------ SUPPLIED MATERIAL ------

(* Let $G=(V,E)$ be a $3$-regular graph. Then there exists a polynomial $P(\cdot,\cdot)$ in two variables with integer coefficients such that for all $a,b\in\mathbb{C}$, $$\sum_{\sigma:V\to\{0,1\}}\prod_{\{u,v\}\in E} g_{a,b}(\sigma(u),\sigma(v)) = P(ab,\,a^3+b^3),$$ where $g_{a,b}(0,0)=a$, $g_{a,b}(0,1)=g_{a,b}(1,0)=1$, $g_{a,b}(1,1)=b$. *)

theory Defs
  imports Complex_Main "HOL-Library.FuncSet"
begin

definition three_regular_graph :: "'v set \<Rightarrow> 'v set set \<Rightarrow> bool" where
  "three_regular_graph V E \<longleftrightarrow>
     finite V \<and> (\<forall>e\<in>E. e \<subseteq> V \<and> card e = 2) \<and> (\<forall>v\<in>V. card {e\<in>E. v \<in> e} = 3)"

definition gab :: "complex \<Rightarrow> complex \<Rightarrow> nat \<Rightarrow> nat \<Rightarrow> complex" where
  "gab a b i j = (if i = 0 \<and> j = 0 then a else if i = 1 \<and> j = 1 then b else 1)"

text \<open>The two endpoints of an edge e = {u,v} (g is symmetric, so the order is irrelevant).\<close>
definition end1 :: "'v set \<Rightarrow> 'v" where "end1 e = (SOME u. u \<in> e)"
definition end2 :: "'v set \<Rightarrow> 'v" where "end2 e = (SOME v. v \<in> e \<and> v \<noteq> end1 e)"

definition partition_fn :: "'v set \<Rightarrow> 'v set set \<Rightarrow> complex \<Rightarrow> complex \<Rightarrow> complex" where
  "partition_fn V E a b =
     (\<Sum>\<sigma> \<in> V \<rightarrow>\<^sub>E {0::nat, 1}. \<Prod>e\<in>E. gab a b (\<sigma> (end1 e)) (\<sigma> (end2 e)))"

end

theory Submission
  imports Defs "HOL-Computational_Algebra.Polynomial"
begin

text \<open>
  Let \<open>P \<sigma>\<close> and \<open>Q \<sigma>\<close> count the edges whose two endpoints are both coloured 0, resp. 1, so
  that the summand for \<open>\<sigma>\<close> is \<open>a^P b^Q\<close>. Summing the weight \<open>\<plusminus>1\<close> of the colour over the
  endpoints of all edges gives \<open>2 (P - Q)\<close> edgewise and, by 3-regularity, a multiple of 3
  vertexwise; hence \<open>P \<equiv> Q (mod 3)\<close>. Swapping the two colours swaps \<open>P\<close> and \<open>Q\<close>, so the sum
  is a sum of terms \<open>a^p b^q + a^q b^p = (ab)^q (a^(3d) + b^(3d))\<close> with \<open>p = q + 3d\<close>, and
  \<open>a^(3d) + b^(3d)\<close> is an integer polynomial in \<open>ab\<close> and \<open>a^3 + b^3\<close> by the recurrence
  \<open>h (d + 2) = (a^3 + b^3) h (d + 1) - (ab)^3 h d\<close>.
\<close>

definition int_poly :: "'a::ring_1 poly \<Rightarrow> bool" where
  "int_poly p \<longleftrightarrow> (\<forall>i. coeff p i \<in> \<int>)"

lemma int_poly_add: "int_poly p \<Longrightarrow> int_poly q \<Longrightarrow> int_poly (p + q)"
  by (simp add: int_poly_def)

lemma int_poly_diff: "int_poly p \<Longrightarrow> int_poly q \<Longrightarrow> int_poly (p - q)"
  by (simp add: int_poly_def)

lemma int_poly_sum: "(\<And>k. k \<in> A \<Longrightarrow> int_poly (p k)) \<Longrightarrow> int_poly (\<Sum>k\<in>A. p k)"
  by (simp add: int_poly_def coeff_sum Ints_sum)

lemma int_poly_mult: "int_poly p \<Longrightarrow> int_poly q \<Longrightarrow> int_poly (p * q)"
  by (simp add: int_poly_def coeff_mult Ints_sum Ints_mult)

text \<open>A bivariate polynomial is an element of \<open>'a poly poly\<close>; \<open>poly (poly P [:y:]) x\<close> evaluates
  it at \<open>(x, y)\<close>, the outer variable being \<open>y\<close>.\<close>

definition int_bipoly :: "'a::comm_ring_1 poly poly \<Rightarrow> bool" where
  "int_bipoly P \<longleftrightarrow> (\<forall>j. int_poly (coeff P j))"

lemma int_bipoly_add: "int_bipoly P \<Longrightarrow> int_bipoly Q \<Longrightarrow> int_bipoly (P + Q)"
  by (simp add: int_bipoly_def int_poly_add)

------

EXERCISE REQUIREMENTS:
Transcribe the data above verbatim.

TASK RESULT:
(* Let $G=(V,E)$ be a $3$-regular graph. Then there exists a polynomial $P(\cdot,\cdot)$ in two variables with integer coefficients such that for all $a,b\in\mathbb{C}$, $$\sum_{\sigma:V\to\{0,1\}}\prod_{\{u,v\}\in E} g_{a,b}(\sigma(u),\sigma(v)) = P(ab,\,a^3+b^3),$$ where $g_{a,b}(0,0)=a$, $g_{a,b}(0,1)=g_{a,b}(1,0)=1$, $g_{a,b}(1,1)=b$. *)

theory Defs
  imports Complex_Main "HOL-Library.FuncSet"
begin

definition three_regular_graph :: "'v set \<Rightarrow> 'v set set \<Rightarrow> bool" where
  "three_regular_graph V E \<longleftrightarrow>
     finite V \<and> (\<forall>e\<in>E. e \<subseteq> V \<and> card e = 2) \<and> (\<forall>v\<in>V. card {e\<in>E. v \<in> e} = 3)"

definition gab :: "complex \<Rightarrow> complex \<Rightarrow> nat \<Rightarrow> nat \<Rightarrow> complex" where
  "gab a b i j = (if i = 0 \<and> j = 0 then a else if i = 1 \<and> j = 1 then b else 1)"

text \<open>The two endpoints of an edge e = {u,v} (g is symmetric, so the order is irrelevant).\<close>
definition end1 :: "'v set \<Rightarrow> 'v" where "end1 e = (SOME u. u \<in> e)"
definition end2 :: "'v set \<Rightarrow> 'v" where "end2 e = (SOME v. v \<in> e \<and> v \<noteq> end1 e)"

definition partition_fn :: "'v set \<Rightarrow> 'v set set \<Rightarrow> complex \<Rightarrow> complex \<Rightarrow> complex" where
  "partition_fn V E a b =
     (\<Sum>\<sigma> \<in> V \<rightarrow>\<^sub>E {0::nat, 1}. \<Prod>e\<in>E. gab a b (\<sigma> (end1 e)) (\<sigma> (end2 e)))"

end

theory Submission
  imports Defs "HOL-Computational_Algebra.Polynomial"
begin

text \<open>
  Let \<open>P \<sigma>\<close> and \<open>Q \<sigma>\<close> count the edges whose two endpoints are both coloured 0, resp. 1, so
  that the summand for \<open>\<sigma>\<close> is \<open>a^P b^Q\<close>. Summing the weight \<open>\<plusminus>1\<close> of the colour over the
  endpoints of all edges gives \<open>2 (P - Q)\<close> edgewise and, by 3-regularity, a multiple of 3
  vertexwise; hence \<open>P \<equiv> Q (mod 3)\<close>. Swapping the two colours swaps \<open>P\<close> and \<open>Q\<close>, so the sum
  is a sum of terms \<open>a^p b^q + a^q b^p = (ab)^q (a^(3d) + b^(3d))\<close> with \<open>p = q + 3d\<close>, and
  \<open>a^(3d) + b^(3d)\<close> is an integer polynomial in \<open>ab\<close> and \<open>a^3 + b^3\<close> by the recurrence
  \<open>h (d + 2) = (a^3 + b^3) h (d + 1) - (ab)^3 h d\<close>.
\<close>

definition int_poly :: "'a::ring_1 poly \<Rightarrow> bool" where
  "int_poly p \<longleftrightarrow> (\<forall>i. coeff p i \<in> \<int>)"

lemma int_poly_add: "int_poly p \<Longrightarrow> int_poly q \<Longrightarrow> int_poly (p + q)"
  by (simp add: int_poly_def)

lemma int_poly_diff: "int_poly p \<Longrightarrow> int_poly q \<Longrightarrow> int_poly (p - q)"
  by (simp add: int_poly_def)

lemma int_poly_sum: "(\<And>k. k \<in> A \<Longrightarrow> int_poly (p k)) \<Longrightarrow> int_poly (\<Sum>k\<in>A. p k)"
  by (simp add: int_poly_def coeff_sum Ints_sum)

lemma int_poly_mult: "int_poly p \<Longrightarrow> int_poly q \<Longrightarrow> int_poly (p * q)"
  by (simp add: int_poly_def coeff_mult Ints_sum Ints_mult)

text \<open>A bivariate polynomial is an element of \<open>'a poly poly\<close>; \<open>poly (poly P [:y:]) x\<close> evaluates
  it at \<open>(x, y)\<close>, the outer variable being \<open>y\<close>.\<close>

definition int_bipoly :: "'a::comm_ring_1 poly poly \<Rightarrow> bool" where
  "int_bipoly P \<longleftrightarrow> (\<forall>j. int_poly (coeff P j))"

lemma int_bipoly_add: "int_bipoly P \<Longrightarrow> int_bipoly Q \<Longrightarrow> int_bipoly (P + Q)"
  by (simp add: int_bipoly_def int_poly_add)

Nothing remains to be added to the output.